SUPPLIED DATA ::
lemma mvt_from_0:
  obtains \<xi> where "\<And>t. t > 0 \<Longrightarrow> 0 < \<xi> t \<and> \<xi> t < t \<and> w (\<xi> t) = (v t - m) / t"
proof -
  have "\<exists>z. 0 < z \<and> z < t \<and> w z = (v t - m) / t" if t: "t > 0" for t
  proof -
    obtain z where "0 < z" "z < t" "v t - v 0 = (t - 0) * w z"
      using v_mvt[OF order_refl t] by blast
    then show ?thesis using t v_0 by (intro exI[of _ z]) (auto simp: field_simps)
  qed
  then have "\<exists>\<xi>. \<forall>t. t > 0 \<longrightarrow> 0 < \<xi> t \<and> \<xi> t < t \<and> w (\<xi> t) = (v t - m) / t"
    by (intro choice) blast
  then show ?thesis using that by blast
qed

text \<open>\<open>w\<close> is only known to be differentiable for \<open>t > 0\<close>; its right continuity at \<open>0\<close> comes
  from comparing \<open>w t\<close> with the mean-value point \<open>w (\<xi> t) = (v t - m) / t\<close> through the
  Lipschitz function \<open>w + 3 v\<close>.\<close>
lemma w_tendsto_0: "(w \<longlongrightarrow> n) (at_right 0)"
proof -
  obtain M where M: "\<And>s t. 0 < s \<Longrightarrow> s \<le> t \<Longrightarrow> t \<le> 1 \<Longrightarrow>
      \<bar>(w t + 3 * v t) - (w s + 3 * v s)\<bar> \<le> M * (t - s)"
    using momentum_lipschitz by blast
  obtain \<xi> where \<xi>: "\<And>t. t > 0 \<Longrightarrow> 0 < \<xi> t \<and> \<xi> t < t \<and> w (\<xi> t) = (v t - m) / t"
    using mvt_from_0 by blast
  have ev: "eventually (\<lambda>t. 0 < t \<and> t \<le> 1 \<and> 0 < \<xi> t \<and> \<xi> t < t \<and> w (\<xi> t) = (v t - m) / t) (at_right 0)"
    using \<xi> by (intro eventually_at_rightI[of 0 1]) auto
  have \<xi>_tendsto: "(\<xi> \<longlongrightarrow> 0) (at_right 0)"
    by (rule tendsto_sandwich[of "\<lambda>_. 0" _ _ "\<lambda>t. t"])
      (use ev in \<open>auto elim: eventually_mono intro: tendsto_ident_at\<close>)
  have "filterlim \<xi> (at_right 0) (at_right 0)"
    using \<xi>_tendsto ev by (intro filterlim_at_withinI) (auto elim: eventually_mono)
  then have v_\<xi>: "((\<lambda>t. v (\<xi> t)) \<longlongrightarrow> m) (at_right 0)"
    by (rule filterlim_compose[OF v_tendsto_0])
  have w_\<xi>: "((\<lambda>t. w (\<xi> t)) \<longlongrightarrow> n) (at_right 0)"
    using difference_quotient_tendsto
    by (rule Lim_transform_eventually) (use ev in \<open>auto elim: eventually_mono\<close>)
  have "((\<lambda>t. (w t + 3 * v t) - (w (\<xi> t) + 3 * v (\<xi> t))) \<longlongrightarrow> 0) (at_right 0)"
  proof (rule Lim_null_comparison)
    show "eventually (\<lambda>t. norm ((w t + 3 * v t) - (w (\<xi> t) + 3 * v (\<xi> t))) \<le> M * (t - \<xi> t)) (at_right 0)"
      using ev
    proof eventually_elim
      case (elim t)
      have "\<bar>(w t + 3 * v t) - (w (\<xi> t) + 3 * v (\<xi> t))\<bar> \<le> M * (t - \<xi> t)"
        by (rule M) (use elim in auto)
      then show ?case by simp
    qed
    show "((\<lambda>t. M * (t - \<xi> t)) \<longlongrightarrow> 0) (at_right 0)"
      using \<xi>_tendsto by (auto intro!: tendsto_eq_intros)
  qed
  then have "((\<lambda>t. w (\<xi> t) + 3 * v (\<xi> t) - 3 * v t + ((w t + 3 * v t) - (w (\<xi> t) + 3 * v (\<xi> t))))
      \<longlongrightarrow> n + 3 * m - 3 * m + 0) (at_right 0)"
    by (intro tendsto_intros w_\<xi> v_\<xi> v_tendsto_0)
  then show ?thesis by simp
qed

text \<open>The energy \<open>exp (11 s) ((v s + 1)\<^sup>2 + (w s)\<^sup>2)\<close> is nondecreasing, so it vanishes
  on \<open>(0, t0]\<close>.\<close>
lemma no_rest_at_minus_1:
  assumes "t0 > 0" "v t0 = -1" "w t0 = 0"
  shows False
proof -
  define E where "E s = exp (11 * s) * ((v s + 1)^2 + (w s)^2)" for s
  have "E s \<le> E t0" if s: "0 < s" "s \<le> t0" for s
  proof (rule DERIV_nonneg_imp_nondecreasing[OF s(2)])
    fix x assume x: "s \<le> x" "x \<le> t0"
    have "(E has_real_derivative exp (11 * x) *
        (11 * ((v x + 1)^2 + (w x)^2) + (2 * (v x + 1) * w x + 2 * w x * (Rfun (v x) - 3 * w x)))) (at x)"
      unfolding E_def using s x
      by (auto intro!: derivative_eq_intros v_deriv w_deriv simp: algebra_simps)
    moreover have "0 \<le> 11 * ((v x + 1)^2 + (w x)^2) + (2 * (v x + 1) * w x + 2 * w x * (Rfun (v x) - 3 * w x))"
      using energy_rate_bounds(1)[OF Rfun_bound[of "v x"], of "w x"] by simp
    ultimately show "\<exists>y. (E has_real_derivative y) (at x) \<and> 0 \<le> y" by auto
  qed
  then have "(v s + 1)^2 + (w s)^2 \<le> 0" if "0 < s" "s \<le> t0" for s
    using that assms by (simp add: E_def mult_le_0_iff)
  then have "v s = -1" if "0 < s" "s \<le> t0" for s
    using that sum_power2_le_zero_iff[of "v s + 1" "w s"] by fastforce
  then have "eventually (\<lambda>s. v s = -1) (at_right 0)"
    using \<open>t0 > 0\<close> by (intro eventually_at_rightI[of 0 t0]) auto
  then have "(v \<longlongrightarrow> -1) (at_right 0)"
    by (rule tendsto_eventually)
  then show False
    using tendsto_unique[OF trivial_limit_at_right_real v_tendsto_0] m_less by simp
qed

lemma stays_below:
  assumes t1: "t1 > 0" "v t1 < -1" "w t1 < 0" and "t1 \<le> t2"
  shows "v t2 < -1"
proof -
  have "\<forall>x\<in>{t1..t2}. w x < 0"
  proof (rule negative_persists[OF continuous_on_w[OF \<open>t1 > 0\<close>] \<open>w t1 < 0\<close>])
    fix T assume T: "t1 < T" "T \<le> t2" "w T = 0" "\<forall>x\<in>{t1..T}. w x \<le> 0"
    then have "v T < -1"
      using v_nonincreasing[of t1 T] t1 by simp
    then show "\<exists>D<0. (w has_real_derivative D) (at T)"
      using w_deriv[of T] Rfun_neg[of "v T"] T t1 by (intro exI[of _ "Rfun (v T)"]) auto
  qed
  then have "v t2 \<le> v t1"
    using v_nonincreasing[of t1 t2] t1 \<open>t1 \<le> t2\<close> by (meson less_imp_le)
  then show ?thesis using t1 by simp
qed

lemma stays_above:
  assumes t1: "t1 > 0" "v t1 > -1" "w t1 > 0" and "t1 \<le> t2"
  shows "v t2 > -1"
proof -
  have "\<forall>x\<in>{t1..t2}. - w x < 0"
  proof (rule negative_persists)
    show "continuous_on {t1..t2} (\<lambda>x. - w x)"
      using continuous_on_w[OF \<open>t1 > 0\<close>] by (rule continuous_on_minus)
    fix T assume T: "t1 < T" "T \<le> t2" "- w T = 0" "\<forall>x\<in>{t1..T}. - w x \<le> 0"
    then have "v T > -1"
      using v_nondecreasing[of t1 T] t1 by simp
    then show "\<exists>D<0. ((\<lambda>x. - w x) has_real_derivative D) (at T)"
      using DERIV_minus[OF w_deriv[of T]] Rfun_pos[of "v T"] T t1
      by (intro exI[of _ "- Rfun (v T)"]) auto
  qed (use t1 in simp)
  then have "v t1 \<le> v t2"
    using v_nondecreasing[of t1 t2] t1 \<open>t1 \<le> t2\<close> by force
  then show ?thesis using t1 by simp
qed

lemma overshoots_after_exceeding:
  assumes "t2 > 0" "v t2 > -1"
  shows "\<exists>t>0. v t > -1 \<and> w t > 0"
proof -
  define S where "S = {0..t2} \<inter> v -` {..-1}"
  have "closed S"
    unfolding S_def
    by (rule continuous_closed_preimage) (auto intro: continuous_on_subset[OF continuous_on_v])
  then have "compact S"
    unfolding S_def compact_eq_bounded_closed by (auto intro: bounded_subset[of "{0..t2}"])
  moreover have "0 \<in> S" unfolding S_def using v_0 m_less \<open>t2 > 0\<close> by auto
  ultimately obtain T where T: "T \<in> S" "\<forall>x\<in>S. x \<le> T"
    using compact_attains_sup by blast
  then have "0 \<le> T" "T < t2" "v T \<le> -1"
    using assms unfolding S_def by (auto simp: less_le)
  then obtain z where z: "T < z" "z < t2" "v t2 - v T = (t2 - T) * w z"
    using v_mvt by blast
  have "(t2 - T) * w z > 0" using z \<open>v T \<le> -1\<close> assms by simp
  then have "w z > 0" using z by (simp add: zero_less_mult_iff)
  moreover have "v z > -1"
  proof (rule ccontr)
    assume "\<not> v z > -1"
    then have "z \<in> S" unfolding S_def using z \<open>0 \<le> T\<close> by auto
    then show False using T z by force
  qed
  ultimately show ?thesis using z \<open>0 \<le> T\<close> by (intro exI[of _ z]) auto
qed
(* Let $k\ge2$ and let $B=M\cup\{\omega\}$ where $\omega\in P_k\setminus M$ has $q\ge 1$ arguments. Let $s,m,n\ge 1$, and for each $i=1,\ldots,s$ let $F_i=\{f_{i1},\ldots,f_{im}\}$ be a system of $m$ functions from $P_k(n)$. Then there exist functions $g_1,\ldots,g_m\in P_k(s+n)$ such that for every $j=1,\ldots,m$ the function $g_j$ is an $s$-connector for the tuple $(f_{1j},\ldots,f_{sj})$, and $$I_B(\{g_1,\ldots,g_m\})\le\max\{I_B(F_1),\ldots,I_B(F_s)\}.$$
   Context: Let $k\ge 2$ be an integer and $E_k=\{0,1,\ldots,k-1\}$. $P_k(n)$ denotes the set of all functions $E_k^n\to E_k$, and $P_k=\bigcup_n P_k(n)$. Tuples are ordered componentwise. A function $f$ is monotone if $\tilde\alpha\le\tilde\beta$ implies $f(\tilde\alpha)\le f(\tilde\beta)$; $M$ is the set of all monotone functions in $P_k$ (of all arities, including constants). A basis is a set $B=M\cup\{\omega_1,\ldots,\omega_p\}$ with $p\ge1$ and $\omega_i\in P_k\setminus M$. A circuit over $B$ with inputs $x_1,\ldots,x_n$ is a finite directed acyclic graph whose source nodes are labelled by the variables $x_1,\ldots,x_n$ and each of whose other nodes (gates) is labelled by a $q$-ary function from $B$ and has $q$ ordered incoming edges; each node computes a function of $P_k(n)$ in the obvious way. A circuit realizes a system $F$ of functions of $x_1,\ldots,x_n$ if every function of $F$ is computed at some node. Gates labelled by functions of $M$ have weight $0$, gates labelled by some $\omega_i$ have weight $1$. The non-monotone complexity $I_B(S)$ of a circuit $S$ is the sum of the weights of its gates; $I_B(F)$ is the minimum of $I_B(S)$ over all circuits $S$ over $B$ realizing $F$. For functions $f_1,\ldots,f_s\in P_k(n)$, an $s$-connector for the tuple $(f_1,\ldots,f_s)$ is a function $g(z_1,\ldots,z_s,x_1,\ldots,x_n)\in P_k(s+n)$ such that for each $i=1,\ldots,s$ and all $(x_1,\ldots,x_n)\in E_k^n$, $g(\tilde e_i,x_1,\ldots,x_n)=f_i(x_1,\ldots,x_n)$, where $\tilde e_i\in E_k^s$ is the tuple with $1$ in position $i$ and $0$ elsewhere. *)

theory Defs
  imports Main
begin

text \<open>A function of P_k(n) is represented as a HOL function on lists of naturals;
only its values on E_k^n (lists of length n with entries < k) matter.\<close>

definition tuples :: "nat \<Rightarrow> nat \<Rightarrow> nat list set" where
  "tuples k n = {xs. length xs = n \<and> set xs \<subseteq> {..<k}}"

definition in_Pk :: "nat \<Rightarrow> nat \<Rightarrow> (nat list \<Rightarrow> nat) \<Rightarrow> bool" where
  "in_Pk k n f \<longleftrightarrow> (\<forall>xs\<in>tuples k n. f xs < k)"

definition monotone_fn :: "nat \<Rightarrow> nat \<Rightarrow> (nat list \<Rightarrow> nat) \<Rightarrow> bool" where
  "monotone_fn k n f \<longleftrightarrow> in_Pk k n f \<and>
     (\<forall>xs\<in>tuples k n. \<forall>ys\<in>tuples k n. list_all2 (\<le>) xs ys \<longrightarrow> f xs \<le> f ys)"

datatype gate_lab = Mono "nat list \<Rightarrow> nat" | Omega

type_synonym circuit = "(gate_lab \<times> nat list) list"

fun lab_apply :: "(nat list \<Rightarrow> nat) \<Rightarrow> gate_lab \<Rightarrow> nat list \<Rightarrow> nat" where
  "lab_apply \<omega> (Mono h) ys = h ys"
| "lab_apply \<omega> Omega ys = \<omega> ys"
(* Let $A$ be a finite-dimensional commutative Frobenius algebra over a field with $\dim(A)>1$. Suppose $K$ and $L$ are arrows of $\mathbf{2Cob}$ with $K\neq L$ (as arrows of $\mathbf{2Cob}$) but $F_AK=F_AL$ (as linear maps, in particular with equal domain and codomain). Then there exist integers $n,m\ge 0$, $k_1\ge\dots\ge k_n\ge 0$ and $l_1\ge\dots\ge l_m\ge 0$ with $(k_1,\dots,k_n)\neq(l_1,\dots,l_m)$ such that \[ \bigotimes_{i=1}^n E_{0,k_i,0}=_A\bigotimes_{j=1}^m E_{0,l_j,0} \] (an empty tensor product denoting the empty cobordism $\mathbf{0}\to\mathbf{0}$).
   Context: $\mathbf{2Cob}$ is the category whose objects are $\mathbf{0},\mathbf{1},\mathbf{2},\dots$ ($\mathbf{n}$ being a sequence of $n$ oriented circles) and whose arrows $\mathbf{n}\to\mathbf{m}$ are diffeomorphism classes (rel boundary) of oriented 2-cobordisms with $n$ ingoing and $m$ outgoing boundary circles; it is symmetric monoidal with $\otimes$ given by disjoint union placed side by side. For $m,k,n\ge 0$, $E_{m,k,n}$ denotes the connected 2-cobordism of genus $k$ with $n$ ingoing and $m$ outgoing boundary circles; thus $E_{0,k,0}$ is the closed connected orientable surface of genus $k$ viewed as a cobordism $\mathbf{0}\to\mathbf{0}$. For a commutative Frobenius algebra $(A,\mu,\eta,\delta,\varepsilon)$, $F_A$ denotes the symmetric strong monoidal functor $\mathbf{2Cob}\to\mathbf{Vect}$ with $F_A\mathbf{1}=A$ and $F_A(E_{1,0,2})=\mu$, $F_A(E_{1,0,0})=\eta$, $F_A(E_{2,0,1})=\delta$, $F_A(E_{0,0,1})=\varepsilon$. One writes $K=_A L$ if $F_AK=F_AL$. *)

theory Defs
  imports Main "HOL-Library.Multiset"
begin

text \<open>A finite-dimensional algebra A over a field 'k is represented w.r.t. a basis
indexed by the finite type 'b: A = ('b => 'k).  mu a b l is the coefficient of e_l
in mu(e_a (x) e_b); eta l is the coefficient of e_l in eta(1); delta a x y is the
coefficient of e_x (x) e_y in delta(e_a); eps a = eps(e_a).\<close>

definition comm_frobenius ::
  "('b::finite \<Rightarrow> 'b \<Rightarrow> 'b \<Rightarrow> 'k::field) \<Rightarrow> ('b \<Rightarrow> 'k) \<Rightarrow>
   ('b \<Rightarrow> 'b \<Rightarrow> 'b \<Rightarrow> 'k) \<Rightarrow> ('b \<Rightarrow> 'k) \<Rightarrow> bool" where
  "comm_frobenius mu eta delta eps \<longleftrightarrow>
     (\<forall>a b c l. (\<Sum>i\<in>UNIV. mu a b i * mu i c l) = (\<Sum>i\<in>UNIV. mu b c i * mu a i l)) \<and>
     (\<forall>a l. (\<Sum>i\<in>UNIV. eta i * mu i a l) = (if a = l then 1 else 0)) \<and>
     (\<forall>a l. (\<Sum>i\<in>UNIV. eta i * mu a i l) = (if a = l then 1 else 0)) \<and>
     (\<forall>a b l. mu a b l = mu b a l) \<and>
     (\<forall>a x y z. (\<Sum>i\<in>UNIV. delta a i z * delta i x y) = (\<Sum>i\<in>UNIV. delta a x i * delta i y z)) \<and>
     (\<forall>a l. (\<Sum>i\<in>UNIV. delta a i l * eps i) = (if a = l then 1 else 0)) \<and>
     (\<forall>a l. (\<Sum>i\<in>UNIV. delta a l i * eps i) = (if a = l then 1 else 0)) \<and>
     (\<forall>a b x y. (\<Sum>i\<in>UNIV. mu a b i * delta i x y) = (\<Sum>c\<in>UNIV. delta b c y * mu a c x)) \<and>
     (\<forall>a b x y. (\<Sum>i\<in>UNIV. mu a b i * delta i x y) = (\<Sum>d\<in>UNIV. delta a x d * mu d b y))"
(* Let $q>2$, $n\ge2$. For any $\lambda,\Lambda,M>0$ there is a radius $R=R(\lambda,\Lambda,M,n,q)>0$ such that for every curve $u\in\mathcal C$ with $\lambda\le|u'|\le\Lambda$ and $\mathrm{TP}(u)\le M$, and every $\tilde u\in W^{2-1/q,q}(\mathbb{R}/\mathbb{Z},\mathbb{R}^n)$ with $\|(\tilde u-u)'\|_{L^\infty}\le R$, one has $\mathrm{bil}(\tilde u)\le2\,\mathrm{bil}(u)<\infty$.
   Context: $\mathcal C=\{u\in W^{2-1/q,q}(\mathbb{R}/\mathbb{Z},\mathbb{R}^n): u\text{ injective and }\min|u'|>0\}$, where $W^{2-1/q,q}$ consists of $L^q$ functions $u$ whose derivative has finite seminorm $[u']_{W^{1-1/q,q}}=\big(\iint\frac{|u'(x)-u'(y)|^q}{|x-y|^{q}}dx\,dy\big)^{1/q}$. \[\mathrm{TP}(u)=\frac1q\iint_{\mathbb{R}/\mathbb{Z}\times\mathbb{R}/\mathbb{Z}}\frac{|u'(y)\wedge(u(x)-u(y))|^q}{|u(x)-u(y)|^{2q}}\,dx\,dy,\] with $|a\wedge b|$ defined via $\langle a\wedge b,c\wedge d\rangle=\langle a,c\rangle\langle b,d\rangle-\langle a,d\rangle\langle b,c\rangle$. $\mathrm{bil}(u)=\sup_{x\ne y}\frac{|x-y|}{|u(x)-u(y)|}$ with $|x-y|$ the distance in $\mathbb{R}/\mathbb{Z}$. *)

theory Defs
  imports "HOL-Analysis.Analysis"
begin

text \<open>Curves on R/Z are represented as 1-periodic maps on the reals.
  Distance in R/Z.\<close>
definition circ_dist :: "real \<Rightarrow> real \<Rightarrow> real" where
  "circ_dist x y = min (frac (x - y)) (1 - frac (x - y))"

definition periodic1 :: "(real \<Rightarrow> 'a) \<Rightarrow> bool" where
  "periodic1 u \<longleftrightarrow> (\<forall>x. u (x + 1) = u x)"

abbreviation dv :: "(real \<Rightarrow> 'a::real_normed_vector) \<Rightarrow> real \<Rightarrow> 'a" where
  "dv u x \<equiv> vector_derivative u (at x)"

text \<open>Gagliardo seminorm of u' in W^{1-1/q,q}(R/Z), to the power q.\<close>
definition seminorm_q :: "real \<Rightarrow> (real \<Rightarrow> 'a::real_normed_vector) \<Rightarrow> ennreal" where
  "seminorm_q q u = (\<integral>\<^sup>+ x. \<integral>\<^sup>+ y.
      ennreal (norm (dv u x - dv u y) powr q / circ_dist x y powr q)
        * indicator {0..1} x * indicator {0..1} y \<partial>lborel \<partial>lborel)"

text \<open>W^{2-1/q,q}(R/Z,R^n) for q > 2 (continuous representatives; by Sobolev
  embedding such functions are C^1).\<close>
definition W_space :: "real \<Rightarrow> (real \<Rightarrow> 'a::euclidean_space) set" where
  "W_space q = {u. periodic1 u \<and> (\<forall>x. u differentiable (at x))
      \<and> continuous_on UNIV (dv u) \<and> seminorm_q q u < \<infinity>}"
theorem mainTheorem5:
  fixes M :: "real^'m^'m" and A :: "real^'n^'m" and C N :: "real^'n^'n"
    and b :: "real^'n" and us :: "real^'m" and ps :: "real^'n" and l :: nat
  assumes M_spd: "sym_pos_def_mat M"
    and A_rank: "rank A = CARD('n)"
    and C_spsd: "sym_pos_semidef_mat C"
    and b_nz: "b \<noteq> 0"
    and N_spd: "sym_pos_def_mat N"
    and sol1: "M *v us + A *v ps = 0"
    and sol2: "transpose A *v us - C *v ps = b"
    and l_pos: "1 \<le> l"
    and beta_pos: "\<forall>k. 2 \<le> k \<and> k \<le> l \<longrightarrow> craig_beta M A C N b k > 0"
    and beta_stop: "craig_beta M A C N b (l + 1) = 0"
  shows "(\<forall>k. 1 \<le> k \<and> k \<le> l \<longrightarrow>
            (let S = transpose A ** matrix_inv M ** A + C;
                 eu = us - craig_u M A C N b k;
                 ep = ps - craig_p M A C N b k
             in (qnorm M eu)\<^sup>2 + ep \<bullet> (C *v ep) = (qnorm S ep)\<^sup>2
              \<and> (qnorm S ep)\<^sup>2 = (\<Sum>i = k + 1..l. (craig_zeta M A C N b i)\<^sup>2)
              \<and> (qnorm M eu)\<^sup>2 \<le> (\<Sum>i = k + 1..l. (craig_zeta M A C N b i)\<^sup>2)))
       \<and> (\<forall>k. 1 \<le> k \<and> k < l \<longrightarrow>
            qnorm (transpose A ** matrix_inv M ** A + C) (ps - craig_p M A C N b (k + 1))
          < qnorm (transpose A ** matrix_inv M ** A + C) (ps - craig_p M A C N b k))"
proof -
  have A_inj: "inj ((*v) A)" using A_rank full_rank_injective by blast
  interpret craig M A C N b
    using M_spd A_inj C_spsd b_nz N_spd by unfold_locales
  have index_shift: "craig_beta M A C N b (Suc j) = \<beta> j" "craig_zeta M A C N b (Suc j) = \<zeta> j"
      "craig_u M A C N b (Suc j) = u j" "craig_p M A C N b (Suc j) = p j" for j
    by (simp_all add: craig_beta_def craig_zeta_def craig_u_def craig_p_def state_defs)
  obtain L where l: "l = Suc L" using l_pos by (cases l) auto
  interpret craig_terminating M A C N b us ps L
  proof
    show "\<beta> i > 0" if "0 < i" "i \<le> L" for i
      using beta_pos[rule_format, of "Suc i"] that by (simp add: index_shift l)
    show "\<beta> (Suc L) = 0" using beta_stop by (simp add: l flip: index_shift)
  qed (fact sol1 sol2)+
  show ?thesis
    unfolding l all_pos_le_Suc_iff all_pos_less_Suc_iff Let_def S_def[symmetric]
      Suc_eq_plus1[symmetric] sum.shift_bounds_cl_Suc_ivl index_shift
    using error_M_norm_split error_S_norm error_M_norm_le error_S_norm_decreasing by simp
qed

end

EXERCISE :: Could you restate word for word the lines above, from the one that contains "Distance in R/Z.\<close>" through the one that contains "text \<open>Gagliardo seminorm", and no others?

OUTPUT ::
  Distance in R/Z.\<close>
definition circ_dist :: "real \<Rightarrow> real \<Rightarrow> real" where
  "circ_dist x y = min (frac (x - y)) (1 - frac (x - y))"

definition periodic1 :: "(real \<Rightarrow> 'a) \<Rightarrow> bool" where
  "periodic1 u \<longleftrightarrow> (\<forall>x. u (x + 1) = u x)"

abbreviation dv :: "(real \<Rightarrow> 'a::real_normed_vector) \<Rightarrow> real \<Rightarrow> 'a" where
  "dv u x \<equiv> vector_derivative u (at x)"

text \<open>Gagliardo seminorm of u' in W^{1-1/q,q}(R/Z), to the power q.\<close>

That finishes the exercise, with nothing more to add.